Implications on adoption
The additions described in this proposal require a new version of the standard library and runtime.
Future directions
Support PCRE's \K
Future work includes supporting PCRE's \K
, which resets the current produced match.
Alternatives considered
Fixed length lookbehind assertions only
Fixed-length lookbehind assertions are easier to implement and retrofit onto existing engines. Python only supports a single fixed-width concatenation sequence, PCRE2 additionally supports alternations of fixed-width concatenations, and Java additionally supports bounded quantifications within.

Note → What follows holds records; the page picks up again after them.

(* Let $\boldsymbol\theta^*\in\mathbb{R}^d$ and $\mathbf Y\sim\tfrac12N(-\boldsymbol\theta^*,I_d)+\tfrac12N(\boldsymbol\theta^*,I_d)$. Let $\mathbf U\in\mathbb{R}^{d\times k}$ with $\mathbf U^\top\mathbf U=I_k$, and let $\mathbf d\in\mathbb{R}^d$ be such that $\boldsymbol\theta^*$ and $\mathbf d$ lie in the range of $\mathbf U$. Then for any $\mathbf V\in\mathbb{R}^{d\times l}$ with $\mathbf V^\top\mathbf U=\mathbf 0$ and any $\mathbf c\in\mathbb{R}^d$, $$\mathbf V^\top\,\mathbb{E}\big[w_d(\mathbf Y-\mathbf c,\mathbf d)\mathbf Y\big]=\mathbf 0.$$
   Context: $w_d(\mathbf y,\boldsymbol\theta)=\frac{e^{\langle\mathbf y,\boldsymbol\theta\rangle}}{e^{\langle\mathbf y,\boldsymbol\theta\rangle}+e^{-\langle\mathbf y,\boldsymbol\theta\rangle}}$ for $\mathbf y,\boldsymbol\theta\in\mathbb{R}^d$. *)

theory Defs
  imports "HOL-Probability.Probability"
begin

definition w_d :: "real ^ 'n \<Rightarrow> real ^ 'n \<Rightarrow> real" where
  "w_d y \<theta> = exp (y \<bullet> \<theta>) / (exp (y \<bullet> \<theta>) + exp (- (y \<bullet> \<theta>)))"

definition mvn_id_density :: "real ^ 'n \<Rightarrow> real ^ 'n \<Rightarrow> real" where
  "mvn_id_density \<mu> y = (\<Prod>i\<in>UNIV. normal_density (\<mu> $ i) 1 (y $ i))"

definition sym_mixture_density :: "real ^ 'n \<Rightarrow> real ^ 'n \<Rightarrow> real" where
  "sym_mixture_density \<theta> y = 1/2 * mvn_id_density (- \<theta>) y + 1/2 * mvn_id_density \<theta> y"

However, this would limit Swift's expressivity compared to Javascript and .NET, as well as be insufficient for reverse matching API.
Using the word "last" in API names
Our proposed reverse matching APIs use the word "reverse" to denote the regex is running in reverse from the end of the string. An alternative name to firstReverseMatch
could be lastMatch
. We rejected lastMatch
because reverse matching doesn't necessarily produce the same match as str.matches(of: regex).last
.
Acknowledgments
cherrycoke, bjhomer, Simulacroton, and rnantes provided use cases and rationale for lookbehind assertions.